**YOUR TASK**
Your job is to print the listing exactly.

**PROVIDED DATA**
[Start of Attachment]

(* Let $n\in\mathbb N$. Then: (i) $\delta(n)<\frac n4$ if and only if both (a) $n\ne p,2p,3p,4p$ for every prime $p$ (including $p=2$), and (b) $n\notin\{1,16,18,24,25,27,30,32,35,36,40,42,45,48,49,50,54,55,56,60,63,64,65,66,75,85,95\}$; (ii) $\delta(n)=\frac n4$ if and only if $n=64$.
   Context: $\mathbb N$ is the set of positive integers. For $n\in\mathbb N$, $\delta(n)=\min\{\,r+s : r,s\in\mathbb N,\ r\le s,\ rs=n\,\}$, i.e. the minimum of $d+n/d$ over positive divisors $d$ of $n$. *)

theory Defs
  imports Complex_Main "HOL-Computational_Algebra.Primes"
begin

definition delta :: "nat \<Rightarrow> nat" where
  "delta n = Min {r + s | r s. 0 < r \<and> 0 < s \<and> r \<le> s \<and> r * s = n}"

end

(* The minimum of r + s over factorisations n = r s, r \<le> s, is below n / 4 exactly when some
   factorisation has 4 (r + s) < r s, i.e. (r - 4) (s - 4) > 16. This forces r \<ge> 5; conversely, for
   5 \<le> r \<le> s the failure (r - 4) (s - 4) \<le> 16 confines r s to at most 100. Hence for n > 100 the
   condition says that n splits into two factors \<ge> 5, which fails exactly for n = k p with k \<le> 4 and
   p prime: if the least divisor d \<ge> 5 of n has cofactor below 5 and n > 64, every proper divisor
   of d is below 5 and so d is prime. Equality 4 (r + s) = r s only holds for r s \<in> {64, 72, 100}, and
   of these only 64 has no better factorisation. The cases n \<le> 100 are settled by evaluation. *)
theory Submission
  imports Defs "HOL-Number_Theory.Pocklington"
begin

lemma finite_factor_sums:
  fixes n :: nat
  shows "finite {r + s | r s. 0 < r \<and> 0 < s \<and> r \<le> s \<and> r * s = n}"
proof (rule finite_subset)
  have "r + s \<le> 2 * n" if "0 < r" "0 < s" "r * s = n" for r s
    using that mult_le_mono2[of 1 s r] mult_le_mono1[of 1 r s] by simp
  then show "{r + s | r s. 0 < r \<and> 0 < s \<and> r \<le> s \<and> r * s = n} \<subseteq> {..2 * n}"
    by auto
qed simp
lemma card_block_triples:
  assumes "s \<le> t" "t \<le> n"
  shows "int (card (block_triples n s t)) = block_count (int n) (int s) (int t)"
proof -
  define A1 where "A1 = shift_triple 0 0 ` pairs_le (int s)"
  define A2 where "A2 = shift_triple t 0 ` {p \<in> pairs_le (int n - int t). snd p \<le> s}"
  define A3 where "A3 = shift_triple s s ` pairs_le (int t - 5 * int s)"
  define A4 where "A4 = shift_triple t t ` pairs_le (int n - 5 * int t)"
  have fin: "finite A1" "finite A2" "finite A3" "finite A4"
    unfolding A1_def A2_def A3_def A4_def using finite_pairs_le by auto
  have "A1 \<subseteq> {p. fst p \<le> s \<and> fst (snd p) \<le> s}" "A2 \<subseteq> {p. t < fst p \<and> fst (snd p) \<le> s}"
    "A3 \<subseteq> {p. s < fst (snd p) \<and> fst (snd p) \<le> t}" "A4 \<subseteq> {p. t < fst (snd p)}"
    unfolding A1_def A2_def A3_def A4_def pairs_le_def shift_triple_def by auto
  then have "A1 \<inter> A2 = {}" "(A1 \<union> A2) \<inter> A3 = {}" "(A1 \<union> A2 \<union> A3) \<inter> A4 = {}"
    using assms by fastforce+
  then have "card (block_triples n s t) = card A1 + card A2 + card A3 + card A4"
    unfolding block_triples_def
      A1_def[symmetric] A2_def[symmetric] A3_def[symmetric] A4_def[symmetric]
    using fin by (simp add: card_Un_disjoint)
  moreover have "int (card A2)
      = pair_count (int n - int t) - pair_count (max 0 (int n - int t - 4 * int s))"
    using card_pairs_le_snd_le[of "int n - int t" s] card_pairs_le[of "int n - int t"]
      card_pairs_le[of "int n - int t - 4 * int s"] assms
    unfolding A2_def card_shift_triple_image by simp
  ultimately show ?thesis
    unfolding block_count_def A1_def A3_def A4_def card_shift_triple_image
    using card_pairs_le[of "int s"] card_pairs_le[of "int t - 5 * int s"]
      card_pairs_le[of "int n - 5 * int t"]
    by simp
qed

[End of Attachment]

**WRITTEN SOLUTION**
(* Let $n\in\mathbb N$. Then: (i) $\delta(n)<\frac n4$ if and only if both (a) $n\ne p,2p,3p,4p$ for every prime $p$ (including $p=2$), and (b) $n\notin\{1,16,18,24,25,27,30,32,35,36,40,42,45,48,49,50,54,55,56,60,63,64,65,66,75,85,95\}$; (ii) $\delta(n)=\frac n4$ if and only if $n=64$.
   Context: $\mathbb N$ is the set of positive integers. For $n\in\mathbb N$, $\delta(n)=\min\{\,r+s : r,s\in\mathbb N,\ r\le s,\ rs=n\,\}$, i.e. the minimum of $d+n/d$ over positive divisors $d$ of $n$. *)

theory Defs
  imports Complex_Main "HOL-Computational_Algebra.Primes"
begin

definition delta :: "nat \<Rightarrow> nat" where
  "delta n = Min {r + s | r s. 0 < r \<and> 0 < s \<and> r \<le> s \<and> r * s = n}"

end

(* The minimum of r + s over factorisations n = r s, r \<le> s, is below n / 4 exactly when some
   factorisation has 4 (r + s) < r s, i.e. (r - 4) (s - 4) > 16. This forces r \<ge> 5; conversely, for
   5 \<le> r \<le> s the failure (r - 4) (s - 4) \<le> 16 confines r s to at most 100. Hence for n > 100 the
   condition says that n splits into two factors \<ge> 5, which fails exactly for n = k p with k \<le> 4 and
   p prime: if the least divisor d \<ge> 5 of n has cofactor below 5 and n > 64, every proper divisor
   of d is below 5 and so d is prime. Equality 4 (r + s) = r s only holds for r s \<in> {64, 72, 100}, and
   of these only 64 has no better factorisation. The cases n \<le> 100 are settled by evaluation. *)
theory Submission
  imports Defs "HOL-Number_Theory.Pocklington"
begin

lemma finite_factor_sums:
  fixes n :: nat
  shows "finite {r + s | r s. 0 < r \<and> 0 < s \<and> r \<le> s \<and> r * s = n}"
proof (rule finite_subset)
  have "r + s \<le> 2 * n" if "0 < r" "0 < s" "r * s = n" for r s
    using that mult_le_mono2[of 1 s r] mult_le_mono1[of 1 r s] by simp
  then show "{r + s | r s. 0 < r \<and> 0 < s \<and> r \<le> s \<and> r * s = n} \<subseteq> {..2 * n}"
    by auto
qed simp
lemma card_block_triples:
  assumes "s \<le> t" "t \<le> n"
  shows "int (card (block_triples n s t)) = block_count (int n) (int s) (int t)"
proof -
  define A1 where "A1 = shift_triple 0 0 ` pairs_le (int s)"
  define A2 where "A2 = shift_triple t 0 ` {p \<in> pairs_le (int n - int t). snd p \<le> s}"
  define A3 where "A3 = shift_triple s s ` pairs_le (int t - 5 * int s)"
  define A4 where "A4 = shift_triple t t ` pairs_le (int n - 5 * int t)"
  have fin: "finite A1" "finite A2" "finite A3" "finite A4"
    unfolding A1_def A2_def A3_def A4_def using finite_pairs_le by auto
  have "A1 \<subseteq> {p. fst p \<le> s \<and> fst (snd p) \<le> s}" "A2 \<subseteq> {p. t < fst p \<and> fst (snd p) \<le> s}"
    "A3 \<subseteq> {p. s < fst (snd p) \<and> fst (snd p) \<le> t}" "A4 \<subseteq> {p. t < fst (snd p)}"
    unfolding A1_def A2_def A3_def A4_def pairs_le_def shift_triple_def by auto
  then have "A1 \<inter> A2 = {}" "(A1 \<union> A2) \<inter> A3 = {}" "(A1 \<union> A2 \<union> A3) \<inter> A4 = {}"
    using assms by fastforce+
  then have "card (block_triples n s t) = card A1 + card A2 + card A3 + card A4"
    unfolding block_triples_def
      A1_def[symmetric] A2_def[symmetric] A3_def[symmetric] A4_def[symmetric]
    using fin by (simp add: card_Un_disjoint)
  moreover have "int (card A2)
      = pair_count (int n - int t) - pair_count (max 0 (int n - int t - 4 * int s))"
    using card_pairs_le_snd_le[of "int n - int t" s] card_pairs_le[of "int n - int t"]
      card_pairs_le[of "int n - int t - 4 * int s"] assms
    unfolding A2_def card_shift_triple_image by simp
  ultimately show ?thesis
    unfolding block_count_def A1_def A3_def A4_def card_shift_triple_image
    using card_pairs_le[of "int s"] card_pairs_le[of "int t - 5 * int s"]
      card_pairs_le[of "int n - 5 * int t"]
    by simp
qed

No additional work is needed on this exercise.